One of the finest gardens in Britain — the 55-metre laburnum arch peaks in mid-May to early June, and the Conwy Valley below provides one of the great garden settings

At a glance

Bodnant Garden (National Trust, 80 acres, Conwy Valley) is at its most celebrated during the laburnum arch peak — typically mid-May to early June. The garden is excellent in April (magnolias, camellias), late May (rhododendrons in the Dell), and September (hydrangeas, autumn colour). National Trust members enter free; non-members pay approximately £18–£20 per adult (2024). Allow 2–4 hours for a full visit including the Dell gorge descent.

Bodnant Garden — A Year-Round Guide

Bodnant Garden was given to the National Trust in 1949 by Lord Aberconwy, whose family had developed it from 1875 onward using plants collected from around the world — the rhododendron and azalea collections in the Dell gorge represent over a century of plant hunting, with species from the Himalayas, China, and North America growing alongside native British woodland in a microclimate sheltered enough to allow plants that would not survive elsewhere in Wales. The Dell itself — a narrow gorge cut by a stream, 20 metres below the level of the upper terraces — is the garden's most distinctive feature: a world of tree ferns, giant rhubarbs, massive conifers, and spring-flowering shrubs that operates in a different register from the formal order of the terraces above.

The laburnum arch is the garden's most famous single feature and the reason most first-time visitors arrive in May or June. The 55-metre tunnel of Laburnum × watereri "Vossii" was planted in 1880 and has been trained over its metal framework for over 140 years — the flower cascades hang 60cm below the arch in peak bloom, creating a golden tunnel that is genuinely one of the most photographed plant features in Britain. The timing is precise: too early in May and the buds are not fully open; too late in June and the flowers are browning at the edges. The National Trust posts regular bloom updates on the garden's social media in the weeks before peak — worth monitoring if you are planning specifically to see the arch.

The upper terraces — the formal walled gardens, rose beds, lily pond, and croquet lawn above the Dell — are typically the first part of the garden visited and offer a different pleasure: ordered, geometric, and in summer scented by the rose beds that line the terrace walls.
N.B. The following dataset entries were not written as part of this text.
(* The functor $\mathrm K\colon\mathbf{Set}\to\mathbf{Sgp}_{\mathbb C^\theta}$ defined by $\mathrm K(X)=((\mathrm L^+(X),\mu_X),\Delta_X)$ and $\mathrm K(f)=\mathrm L^+(f)$ is not an equivalence of categories.
   Context: For a set $X$, $\mathrm L^+(X)=\coprod_{n>0}X^n$ is the set of non-empty lists $[x_1,\dots,x_n]$; $\mathrm L^+(f)[x_1,\dots,x_n]=[f(x_1),\dots,f(x_n)]$. $\mu_X\colon\mathrm L^+(\mathrm L^+(X))\to\mathrm L^+(X)$ is concatenation, so $(\mathrm L^+(X),\mu_X)$ is the free semigroup on $X$ (product = concatenation). $\Delta_X[x_1,\dots,x_n]=[[x_1,\dots,x_n],[x_2,\dots,x_n],\dots,[x_n]]$ and $\varepsilon_X[x_1,\dots,x_n]=x_1$. $\mathbf{Sgp}$ is the category of semigroups. $\mathbb C^\theta$ is the comonad on $\mathbf{Sgp}$ sending a semigroup $(X,\cdot)$ to the set $\mathrm L^+(X)$ with the semigroup product $[x_1,\dots,x_n]\ast[y_1,\dots,y_m]=[x_1y_1,x_2y_1,\dots,x_ny_1,y_1,y_2,\dots,y_m]$, acting on morphisms by $\mathrm L^+$, with comultiplication $\Delta_X$ and counit $\varepsilon_X$. $\mathbf{Sgp}_{\mathbb C^\theta}$ is the category of $\mathbb C^\theta$-coalgebras: semigroups $Y$ with a semigroup morphism $\delta\colon Y\to\mathrm C^\theta(Y)$ satisfying $\Delta_Y\delta=\mathrm L^+(\delta)\delta$ and $\varepsilon_Y\delta=\mathrm{id}_Y$, with morphisms the semigroup morphisms commuting with the coactions. (For each set $X$, $\Delta_X$ is a semigroup morphism from $(\mathrm L^+(X),\mu_X)$ to $\mathrm C^\theta(\mathrm L^+(X),\mu_X)$, so $\mathrm K$ is well defined.) *)

theory Defs
  imports Main
begin

definition semigroup_on :: "'b set \<Rightarrow> ('b \<Rightarrow> 'b \<Rightarrow> 'b) \<Rightarrow> bool" where
  "semigroup_on Y m \<longleftrightarrow> (\<forall>x\<in>Y. \<forall>y\<in>Y. m x y \<in> Y) \<and>
     (\<forall>x\<in>Y. \<forall>y\<in>Y. \<forall>z\<in>Y. m (m x y) z = m x (m y z))"

definition Lp :: "'a set \<Rightarrow> 'a list set" where
  "Lp X = {xs. xs \<noteq> [] \<and> set xs \<subseteq> X}"

definition Delta :: "'a list \<Rightarrow> 'a list list" where
  "Delta xs = map (\<lambda>i. drop i xs) [0..<length xs]"

definition theta_mult :: "('b \<Rightarrow> 'b \<Rightarrow> 'b) \<Rightarrow> 'b list \<Rightarrow> 'b list \<Rightarrow> 'b list" where
  "theta_mult m xs ys = map (\<lambda>x. m x (hd ys)) xs @ ys"

definition is_coalg :: "'b set \<Rightarrow> ('b \<Rightarrow> 'b \<Rightarrow> 'b) \<Rightarrow> ('b \<Rightarrow> 'b list) \<Rightarrow> bool" where
  "is_coalg Y m \<delta> \<longleftrightarrow> semigroup_on Y m \<and>
     (\<forall>y\<in>Y. \<delta> y \<in> Lp Y) \<and>
     (\<forall>x\<in>Y. \<forall>y\<in>Y. \<delta> (m x y) = theta_mult m (\<delta> x) (\<delta> y)) \<and>
     (\<forall>y\<in>Y. Delta (\<delta> y) = map \<delta> (\<delta> y)) \<and>
     (\<forall>y\<in>Y. hd (\<delta> y) = y)"

definition coalg_hom ::
  "'b set \<Rightarrow> ('b \<Rightarrow> 'b \<Rightarrow> 'b) \<Rightarrow> ('b \<Rightarrow> 'b list) \<Rightarrow>
   'c set \<Rightarrow> ('c \<Rightarrow> 'c \<Rightarrow> 'c) \<Rightarrow> ('c \<Rightarrow> 'c list) \<Rightarrow> ('b \<Rightarrow> 'c) \<Rightarrow> bool" where
  "coalg_hom Y m \<delta> Y' m' \<delta>' h \<longleftrightarrow>
     (\<forall>y\<in>Y. h y \<in> Y') \<and>
     (\<forall>x\<in>Y. \<forall>y\<in>Y. h (m x y) = m' (h x) (h y)) \<and>
     (\<forall>y\<in>Y. \<delta>' (h y) = map h (\<delta> y))"

(* K(X) = ((L^+(X), concatenation), Delta_X), K(f) = L^+(f) = map f.
   Objects of Set are sets X :: 'a set, coalgebras have carriers in 'b. *)

definition K_faithful :: "'a itself \<Rightarrow> bool" where
  "K_faithful (_ :: 'a itself) \<longleftrightarrow>
     (\<forall>(X::'a set) (X'::'a set) f g. f ` X \<subseteq> X' \<longrightarrow> g ` X \<subseteq> X' \<longrightarrow>
        (\<forall>xs\<in>Lp X. map f xs = map g xs) \<longrightarrow> (\<forall>x\<in>X. f x = g x))"

definition K_full :: "'a itself \<Rightarrow> bool" where
  "K_full (_ :: 'a itself) \<longleftrightarrow>
     (\<forall>(X::'a set) (X'::'a set) h.
        coalg_hom (Lp X) (@) Delta (Lp X') (@) Delta h \<longrightarrow>
        (\<exists>f. f ` X \<subseteq> X' \<and> (\<forall>xs\<in>Lp X. h xs = map f xs)))"

definition K_ess_surj :: "'a itself \<Rightarrow> 'b itself \<Rightarrow> bool" where
  "K_ess_surj (_ :: 'a itself) (_ :: 'b itself) \<longleftrightarrow>
     (\<forall>(Y::'b set) m \<delta>. is_coalg Y m \<delta> \<longrightarrow>
        (\<exists>(X::'a set) (h::'a list \<Rightarrow> 'b) (k::'b \<Rightarrow> 'a list).
           coalg_hom (Lp X) (@) Delta Y m \<delta> h \<and>
           coalg_hom Y m \<delta> (Lp X) (@) Delta k \<and>
           (\<forall>xs\<in>Lp X. k (h xs) = xs) \<and> (\<forall>y\<in>Y. h (k y) = y)))"

definition K_equivalence :: "'a itself \<Rightarrow> 'b itself \<Rightarrow> bool" where
  "K_equivalence ta tb \<longleftrightarrow> K_faithful ta \<and> K_full ta \<and> K_ess_surj ta tb"

end

theory Submission
  imports Defs "HOL-Library.Countable"
begin

text \<open>The semigroup underlying \<open>K(X)\<close> is free, hence right cancellative, and so is every
  coalgebra isomorphic to it. But for any set \<open>B\<close>, the semigroup \<open>\<nat>\<^sup>+ \<times> B\<close> with
  \<open>(n, b) (n', b') = (n + n', b')\<close> and coaction
  \<open>(n, b) \<mapsto> [(n, b), (n - 1, b), \<dots>, (1, b)]\<close> is a \<open>C\<^sup>\<theta>\<close>-coalgebra, and it is not
  right cancellative once \<open>B\<close> has two elements: \<open>(1, b) (1, c) = (1, c) (1, c)\<close>.
  An infinite type contains a copy of \<open>\<nat>\<^sup>+ \<times> bool\<close>.\<close>

definition right_cancellative_on :: "'b set \<Rightarrow> ('b \<Rightarrow> 'b \<Rightarrow> 'b) \<Rightarrow> bool" where
  "right_cancellative_on Y m \<longleftrightarrow> (\<forall>x\<in>Y. \<forall>x'\<in>Y. \<forall>y\<in>Y. m x y = m x' y \<longrightarrow> x = x')"

lemma ess_surj_imp_right_cancellative:
  fixes Y :: "'b set"
  assumes "K_ess_surj TYPE('a) TYPE('b)" and "is_coalg Y m \<delta>"
  shows "right_cancellative_on Y m"
proof -
  obtain X :: "'a set" and h :: "'a list \<Rightarrow> 'b" and k where
    k_hom: "coalg_hom Y m \<delta> (Lp X) (@) Delta k" and h_k: "\<forall>y\<in>Y. h (k y) = y"
    using assms(1)[unfolded K_ess_surj_def, rule_format, OF assms(2)] by (elim exE conjE)
  have k_mult: "k (m x y) = k x @ k y" if "x \<in> Y" "y \<in> Y" for x y
    using k_hom that unfolding coalg_hom_def by blast
  show ?thesis
    unfolding right_cancellative_on_def
  proof (intro ballI impI)
    fix x x' y assume "x \<in> Y" "x' \<in> Y" "y \<in> Y" and "m x y = m x' y"
    then have "k x @ k y = k x' @ k y" by (metis k_mult)
    then have "h (k x) = h (k x')" by simp
    with h_k \<open>x \<in> Y\<close> \<open>x' \<in> Y\<close> show "x = x'" by simp
  qed
qed

definition transfer_mult :: "('c \<Rightarrow> 'b) \<Rightarrow> 'c set \<Rightarrow> ('c \<Rightarrow> 'c \<Rightarrow> 'c) \<Rightarrow> 'b \<Rightarrow> 'b \<Rightarrow> 'b" where
  "transfer_mult e Y m x y = e (m (inv_into Y e x) (inv_into Y e y))"

definition transfer_coact :: "('c \<Rightarrow> 'b) \<Rightarrow> 'c set \<Rightarrow> ('c \<Rightarrow> 'c list) \<Rightarrow> 'b \<Rightarrow> 'b list" where
  "transfer_coact e Y \<delta> y = map e (\<delta> (inv_into Y e y))"

lemma transfer_mult_image:
  "inj_on e Y \<Longrightarrow> x \<in> Y \<Longrightarrow> y \<in> Y \<Longrightarrow> transfer_mult e Y m (e x) (e y) = e (m x y)"
  by (simp add: transfer_mult_def)

lemma transfer_coact_image:
  "inj_on e Y \<Longrightarrow> y \<in> Y \<Longrightarrow> transfer_coact e Y \<delta> (e y) = map e (\<delta> y)"
  by (simp add: transfer_coact_def)

lemma Delta_map: "Delta (map f xs) = map (map f) (Delta xs)"
  by (simp add: Delta_def drop_map)

lemma coact_in_carrier:
  assumes "is_coalg Y m \<delta>" and "y \<in> Y"
  shows "set (\<delta> y) \<subseteq> Y" and "\<delta> y \<noteq> []"
  using assms unfolding is_coalg_def Lp_def by auto

lemma transfer_coact_mult:
  assumes coalg: "is_coalg Y m \<delta>" and inj: "inj_on e Y" and "a \<in> Y" "b \<in> Y"
  shows "transfer_coact e Y \<delta> (transfer_mult e Y m (e a) (e b))
    = theta_mult (transfer_mult e Y m) (transfer_coact e Y \<delta> (e a)) (transfer_coact e Y \<delta> (e b))"
proof -
  have "m a b \<in> Y" "hd (\<delta> b) = b"
    using coalg assms(3,4) unfolding is_coalg_def semigroup_on_def by blast+
  then have "transfer_coact e Y \<delta> (transfer_mult e Y m (e a) (e b)) = map e (\<delta> (m a b))"
    using assms by (simp add: transfer_mult_image transfer_coact_image)
  also have "\<dots> = map e (theta_mult m (\<delta> a) (\<delta> b))"
    using coalg assms(3,4) unfolding is_coalg_def by simp
  also have "\<dots> = theta_mult (transfer_mult e Y m) (map e (\<delta> a)) (map e (\<delta> b))"
    using \<open>hd (\<delta> b) = b\<close> coact_in_carrier[OF coalg] assms(3,4)
    by (auto simp: theta_mult_def hd_map transfer_mult_image[OF inj] subset_iff)
  finally show ?thesis
    using assms by (simp add: transfer_coact_image)
qed

lemma is_coalg_transfer:
  assumes coalg: "is_coalg Y m \<delta>" and inj: "inj_on e Y"
  shows "is_coalg (e ` Y) (transfer_mult e Y m) (transfer_coact e Y \<delta>)"
proof -
  note mult = transfer_mult_image[OF inj] and coact = transfer_coact_image[OF inj]
    and coact_set = coact_in_carrier(1)[OF coalg] and coact_ne = coact_in_carrier(2)[OF coalg]
  have "semigroup_on (e ` Y) (transfer_mult e Y m)"
    using coalg unfolding is_coalg_def semigroup_on_def by (auto simp: mult)
  moreover have "\<forall>y\<in>e ` Y. transfer_coact e Y \<delta> y \<in> Lp (e ` Y)"
    using coact_set coact_ne by (auto simp: coact Lp_def)
  moreover have "\<forall>x\<in>e ` Y. \<forall>y\<in>e ` Y. transfer_coact e Y \<delta> (transfer_mult e Y m x y)
      = theta_mult (transfer_mult e Y m) (transfer_coact e Y \<delta> x) (transfer_coact e Y \<delta> y)"
    using transfer_coact_mult[OF coalg inj] by blast
  moreover have "\<forall>y\<in>e ` Y. Delta (transfer_coact e Y \<delta> y)
      = map (transfer_coact e Y \<delta>) (transfer_coact e Y \<delta> y)"
  proof
    fix y assume "y \<in> e ` Y"
    then obtain a where "a \<in> Y" "y = e a" by blast
    then have "Delta (map e (\<delta> a)) = map (transfer_coact e Y \<delta>) (map e (\<delta> a))"
      using coalg coact_set[OF \<open>a \<in> Y\<close>] unfolding is_coalg_def
      by (auto simp: Delta_map coact subset_iff intro!: map_cong)
    then show "Delta (transfer_coact e Y \<delta> y) = map (transfer_coact e Y \<delta>) (transfer_coact e Y \<delta> y)"
      using \<open>a \<in> Y\<close> by (simp add: \<open>y = e a\<close> coact)
  qed
  moreover have "\<forall>y\<in>e ` Y. hd (transfer_coact e Y \<delta> y) = y"
    using coalg coact_ne unfolding is_coalg_def by (auto simp: coact hd_map)
  ultimately show ?thesis
    unfolding is_coalg_def by blast
qed

lemma right_cancellative_on_transfer:
  assumes "semigroup_on Y m" and "inj_on e Y"
    and "right_cancellative_on (e ` Y) (transfer_mult e Y m)"
  shows "right_cancellative_on Y m"
  using assms unfolding right_cancellative_on_def semigroup_on_def
  by (auto simp: transfer_mult_image inj_on_eq_iff)

definition rzero_mult :: "nat \<times> 'c \<Rightarrow> nat \<times> 'c \<Rightarrow> nat \<times> 'c" where
  "rzero_mult p q = (fst p + fst q, snd q)"

definition rzero_coact :: "nat \<times> 'c \<Rightarrow> (nat \<times> 'c) list" where
  "rzero_coact p = map (\<lambda>i. (fst p - i, snd p)) [0..<fst p]"

lemma length_rzero_coact [simp]: "length (rzero_coact p) = fst p"
  by (simp add: rzero_coact_def)

lemma nth_rzero_coact [simp]: "i < fst p \<Longrightarrow> rzero_coact p ! i = (fst p - i, snd p)"
  by (simp add: rzero_coact_def)

lemma drop_rzero_coact: "drop i (rzero_coact p) = rzero_coact (fst p - i, snd p)"
  by (rule nth_equalityI) auto

lemma hd_rzero_coact: "0 < fst p \<Longrightarrow> hd (rzero_coact p) = p"
  by (simp add: rzero_coact_def upt_rec)

lemma Delta_rzero_coact: "Delta (rzero_coact p) = map rzero_coact (rzero_coact p)"
  by (rule nth_equalityI) (auto simp: Delta_def drop_rzero_coact)

lemma rzero_coact_mult:
  assumes "0 < fst q"
  shows "rzero_coact (rzero_mult p q) = theta_mult rzero_mult (rzero_coact p) (rzero_coact q)"
  by (rule nth_equalityI)
    (auto simp: theta_mult_def rzero_mult_def nth_append hd_rzero_coact[OF assms])

lemma is_coalg_rzero: "is_coalg {p. 0 < fst p} rzero_mult rzero_coact"
proof -
  have "semigroup_on {p. 0 < fst p} (rzero_mult :: nat \<times> 'c \<Rightarrow> _)"
    by (simp add: semigroup_on_def rzero_mult_def)
  moreover have "rzero_coact p \<in> Lp {p. 0 < fst p}" if "0 < fst p" for p :: "nat \<times> 'c"
    using that by (auto simp: Lp_def in_set_conv_nth simp flip: length_greater_0_conv)
  ultimately show ?thesis
    unfolding is_coalg_def by (auto simp: rzero_coact_mult Delta_rzero_coact hd_rzero_coact)
qed

lemma not_right_cancellative_rzero: "\<not> right_cancellative_on {p :: nat \<times> bool. 0 < fst p} rzero_mult"
  unfolding right_cancellative_on_def
  by (auto simp: rzero_mult_def intro!: bexI[of _ "(1, False)"] bexI[of _ "(1, True)"])

theorem corollary5p4:
  assumes "infinite (UNIV :: 'b set)"
  shows "\<not> K_equivalence TYPE('a) TYPE('b)"
proof
  assume "K_equivalence TYPE('a) TYPE('b)"
  then have ess_surj: "K_ess_surj TYPE('a) TYPE('b)"
    by (simp add: K_equivalence_def)
  obtain f :: "nat \<Rightarrow> 'b" where "inj f"
    using assms infinite_countable_subset by blast
  define e :: "nat \<times> bool \<Rightarrow> 'b" where "e = f \<circ> to_nat"
  define C :: "(nat \<times> bool) set" where "C = {p. 0 < fst p}"
  have inj: "inj_on e C"
    using \<open>inj f\<close> unfolding e_def by (meson inj_compose inj_to_nat inj_on_subset subset_UNIV)
  have coalg: "is_coalg C rzero_mult rzero_coact"
    unfolding C_def by (rule is_coalg_rzero)
  have "is_coalg (e ` C) (transfer_mult e C rzero_mult) (transfer_coact e C rzero_coact)"
    using coalg inj by (rule is_coalg_transfer)
  then have "right_cancellative_on (e ` C) (transfer_mult e C rzero_mult)"
    by (rule ess_surj_imp_right_cancellative[OF ess_surj])
  then have "right_cancellative_on C rzero_mult"
    using coalg inj right_cancellative_on_transfer unfolding is_coalg_def by blast
  with not_right_cancellative_rzero show False
    by (simp add: C_def)
qed

end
The view from the upper terrace across the Conwy Valley to the surrounding hills is among the finest garden views in North Wales. The Pin Mill — a 17th-century building relocated from Gloucestershire by Lord Aberconwy in 1938 and reconstructed at the valley bottom — provides an eccentric terminus for the Dell walk and a useful focal point for those who find the plant collections rather than the buildings the main attraction.